I know he means well but I suddenly feel sad as I do not want this date to end. I am having a great time and if I could, I would love to spend all day with him. But somehow, I have to be more mature about this and act accordingly. He paid for the meal and we both ended out the door. As we got to the bus stop, it suddenly dawned on me that our date was truly over.

*Hmmm Hmmm*

I clear my throat to draw his attention.

"Would you like to meet up sometime soon? Maybe not tomorrow, so you can rest -properly. But sometime soon." I ask with a hint of separation in my voice.

My words must have charmed him as he couldn't help but smile. Asking for my phone, he puts his number and as he dials his number, says "I would love that." 

Seeing as we have 2 weeks of cleared schedule, I suddenly started planning different types of dates and fun activities in my head. After standing for a couple of minutes, a taxi cab pulls out in front of us and he beckons on me to enter.

"You go first. I can get the next one and I don't stay that far away." I say to him.

"You are a celebrity. I can't imagine what would happen if someone sees you standing here in the middle of the night. I will be fine but I will feel better when you are home, safe and sound." He says as he gently pushes me into the cab.

His words leave me motionless as this level of thoughtfulness is something I might be feeling for the first time ever. I mentioned I wanted to protect him earlier but being treated like this, especially by him, felt so good.

All through the ride home, I couldn't get him out of my head. I just kept replaying our night together, from the moment I met him arranging the chairs till to moment I got into the cab. Our every word and action replayed in my mind like I was watching the same movie on repeat.

Getting home, I see Hwi is on the couch. Perhaps he fell asleep waiting for me. He might not show it often, but he is the biggest teddy bear, a true softie. Our fans think he is the coolest one in the group because of his chic visuals, if only they can see him now. I gently tap him awake.

"You are back." He says grumpily as he sits up. "How was it?" "Did you have fun?"

"Come on, let's head to bed. We will talk about it tomorrow." I respond as I help him stand up and we both head to the room.

2:30am

It has been a little bit over 30 mins since I saw John.
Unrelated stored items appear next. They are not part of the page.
(* Let $G$ be a finite group and $p$ a prime such that the Sylow $p$-subgroups of $G$ are cyclic of order $p^r$ with $r\ge1$. For an integer $k$, let $\mathcal P(G,k)$ denote the number of elements of $G$ whose order is divisible by $p^k$. Then, for every $1\le k\le r$, $$\mathcal P(G,k)=\frac{p^{r-k+1}-1}{p^{r-k+1}}\cdot\frac{|G|\,|Z_G(Q)|}{|N_G(Q)|},$$ where $Q$ is any non-trivial $p$-subgroup of $G$ (the ratio $|Z_G(Q)|/|N_G(Q)|$ does not depend on this choice). Furthermore, $\mathcal P(G,0)=|G|$, and $\mathcal P(G,k)=0$ for $k>r$.
   Context: $Z_G(Q)$ denotes the centraliser and $N_G(Q)$ the normaliser of $Q$ in $G$. *)

theory Defs
  imports "HOL-Algebra.Algebra"
begin

definition centralizer_set :: "('a, 'b) monoid_scheme \<Rightarrow> 'a set \<Rightarrow> 'a set" where
  "centralizer_set G Q = {g \<in> carrier G. \<forall>q\<in>Q. g \<otimes>\<^bsub>G\<^esub> q = q \<otimes>\<^bsub>G\<^esub> g}"

definition sylow_subgroup :: "('a, 'b) monoid_scheme \<Rightarrow> nat \<Rightarrow> 'a set \<Rightarrow> bool" where
  "sylow_subgroup G p P \<longleftrightarrow> subgroup P G \<and> card P = p ^ multiplicity p (order G)"

definition p_subgroup :: "('a, 'b) monoid_scheme \<Rightarrow> nat \<Rightarrow> 'a set \<Rightarrow> bool" where
  "p_subgroup G p Q \<longleftrightarrow> subgroup Q G \<and> (\<exists>n. card Q = p ^ n)"

definition elems_order_div :: "('a, 'b) monoid_scheme \<Rightarrow> nat \<Rightarrow> nat \<Rightarrow> nat" where
  "elems_order_div G p k = card {x \<in> carrier G. p ^ k dvd group.ord G x}"

end

theory Submission
  imports Defs
begin

text \<open>Write every element as \<open>x = x\<^sub>p x\<^sub>p\<^sub>'\<close> with commuting \<open>p\<close>- and \<open>p'\<close>-parts; then \<open>p ^ k\<close>
  divides the order of \<open>x\<close> iff \<open>x\<^sub>p ^ p ^ (k - 1) \<noteq> 1\<close>. As the Sylow \<open>p\<close>-subgroups are cyclic, the
  subgroups of order \<open>p ^ j\<close> form one conjugacy class, and for \<open>j \<le> k\<close> an element whose order is
  divisible by \<open>p ^ k\<close> centralizes exactly one of them, the subgroup of order \<open>p ^ j\<close> of the cyclic
  group generated by \<open>x\<^sub>p\<close>. Hence, for \<open>|Q| = p ^ j\<close>, the number of such elements of \<open>G\<close> is
  \<open>|G : N\<^sub>G(Q)|\<close> times the number of such elements of \<open>H = Z\<^sub>G(Q)\<close>.

  In \<open>H\<close> every element normalizing a Sylow subgroup \<open>P\<close> centralizes it: its \<open>p'\<close>-part centralizes
  the elements of order \<open>p\<close> of \<open>P\<close>, which lie in \<open>Q\<close>, and therefore all of the cyclic group \<open>P\<close>.
  Burnside's counting argument then shows that every \<open>p\<close>-element \<open>y\<close> of \<open>H\<close> is the \<open>p\<close>-part of
  exactly \<open>|Z\<^sub>H(y)| / p ^ r\<close> elements of \<open>H\<close>, and summing over conjugacy classes of \<open>p\<close>-elements
  gives the fraction \<open>(p ^ r - p ^ (k - 1)) / p ^ r\<close> of \<open>H\<close>. The case \<open>k = r\<close> shows that
  \<open>|Z\<^sub>G(Q)| / |N\<^sub>G(Q)|\<close> does not depend on \<open>Q\<close>, so \<open>Q\<close> may be taken of order \<open>p\<close>, which is
  admissible for every \<open>k\<close>.\<close>

section \<open>Conjugation, centralizers and normalizers\<close>

definition conj_set :: "('a, 'b) monoid_scheme \<Rightarrow> 'a \<Rightarrow> 'a set \<Rightarrow> 'a set" where
  "conj_set G g A = (\<lambda>x. g \<otimes>\<^bsub>G\<^esub> x \<otimes>\<^bsub>G\<^esub> inv\<^bsub>G\<^esub> g) ` A"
I hope he got home safe. I begin to wonder if it would be appropriate to text him by this time. I do not want to come off as clingy but I feel like I should. As I ponder on if I should text him, I suddenly get a notification chime and this message pops up.

"Hi, did you get home safe? You are probably resting by now right. Have a good night's sleep. I had a great time with you today."

I couldn't help but smile. It is just a simple message but it was powerful enough to make me feel giddy inside. As I type back my response, I suddenly feel a sensational rush. It is overwhelming and a bit scary but undeniably exciting too. It is a feeling I have never felt before. And I couldn't help but wonder, "is this love?"